Stored data:

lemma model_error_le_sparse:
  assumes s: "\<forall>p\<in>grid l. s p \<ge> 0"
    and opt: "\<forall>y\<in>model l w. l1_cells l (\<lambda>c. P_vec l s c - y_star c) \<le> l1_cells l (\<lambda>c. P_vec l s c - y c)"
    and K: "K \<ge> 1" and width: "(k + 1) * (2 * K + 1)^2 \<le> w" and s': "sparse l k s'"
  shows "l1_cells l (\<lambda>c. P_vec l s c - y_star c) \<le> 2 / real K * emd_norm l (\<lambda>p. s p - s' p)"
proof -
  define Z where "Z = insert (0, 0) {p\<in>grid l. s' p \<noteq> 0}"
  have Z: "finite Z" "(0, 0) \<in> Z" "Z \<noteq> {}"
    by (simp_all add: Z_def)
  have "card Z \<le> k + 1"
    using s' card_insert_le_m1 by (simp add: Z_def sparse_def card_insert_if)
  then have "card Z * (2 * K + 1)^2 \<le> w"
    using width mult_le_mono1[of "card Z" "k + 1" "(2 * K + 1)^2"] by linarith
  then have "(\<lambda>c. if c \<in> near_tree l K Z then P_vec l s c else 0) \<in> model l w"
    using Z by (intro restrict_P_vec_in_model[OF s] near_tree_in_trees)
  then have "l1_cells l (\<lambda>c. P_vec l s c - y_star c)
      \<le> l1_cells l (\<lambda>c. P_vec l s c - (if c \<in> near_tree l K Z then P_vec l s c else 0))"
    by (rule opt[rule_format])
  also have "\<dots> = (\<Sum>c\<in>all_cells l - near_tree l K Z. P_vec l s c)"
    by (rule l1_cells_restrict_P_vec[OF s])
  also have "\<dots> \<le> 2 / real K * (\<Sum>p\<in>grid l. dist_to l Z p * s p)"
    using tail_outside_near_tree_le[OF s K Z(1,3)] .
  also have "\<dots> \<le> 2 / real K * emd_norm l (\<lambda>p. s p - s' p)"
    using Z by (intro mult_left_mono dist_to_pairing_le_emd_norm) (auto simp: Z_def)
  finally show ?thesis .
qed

Exercise instructions:
Your response must repeat the entries above exactly, in full.

Task response:
lemma model_error_le_sparse:
  assumes s: "\<forall>p\<in>grid l. s p \<ge> 0"
    and opt: "\<forall>y\<in>model l w. l1_cells l (\<lambda>c. P_vec l s c - y_star c) \<le> l1_cells l (\<lambda>c. P_vec l s c - y c)"
    and K: "K \<ge> 1" and width: "(k + 1) * (2 * K + 1)^2 \<le> w" and s': "sparse l k s'"
  shows "l1_cells l (\<lambda>c. P_vec l s c - y_star c) \<le> 2 / real K * emd_norm l (\<lambda>p. s p - s' p)"
proof -
  define Z where "Z = insert (0, 0) {p\<in>grid l. s' p \<noteq> 0}"
  have Z: "finite Z" "(0, 0) \<in> Z" "Z \<noteq> {}"
    by (simp_all add: Z_def)
  have "card Z \<le> k + 1"
    using s' card_insert_le_m1 by (simp add: Z_def sparse_def card_insert_if)
  then have "card Z * (2 * K + 1)^2 \<le> w"
    using width mult_le_mono1[of "card Z" "k + 1" "(2 * K + 1)^2"] by linarith
  then have "(\<lambda>c. if c \<in> near_tree l K Z then P_vec l s c else 0) \<in> model l w"
    using Z by (intro restrict_P_vec_in_model[OF s] near_tree_in_trees)
  then have "l1_cells l (\<lambda>c. P_vec l s c - y_star c)
      \<le> l1_cells l (\<lambda>c. P_vec l s c - (if c \<in> near_tree l K Z then P_vec l s c else 0))"
    by (rule opt[rule_format])
  also have "\<dots> = (\<Sum>c\<in>all_cells l - near_tree l K Z. P_vec l s c)"
    by (rule l1_cells_restrict_P_vec[OF s])
  also have "\<dots> \<le> 2 / real K * (\<Sum>p\<in>grid l. dist_to l Z p * s p)"
    using tail_outside_near_tree_le[OF s K Z(1,3)] .
  also have "\<dots> \<le> 2 / real K * emd_norm l (\<lambda>p. s p - s' p)"
    using Z by (intro mult_left_mono dist_to_pairing_le_emd_norm) (auto simp: Z_def)
  finally show ?thesis .
qed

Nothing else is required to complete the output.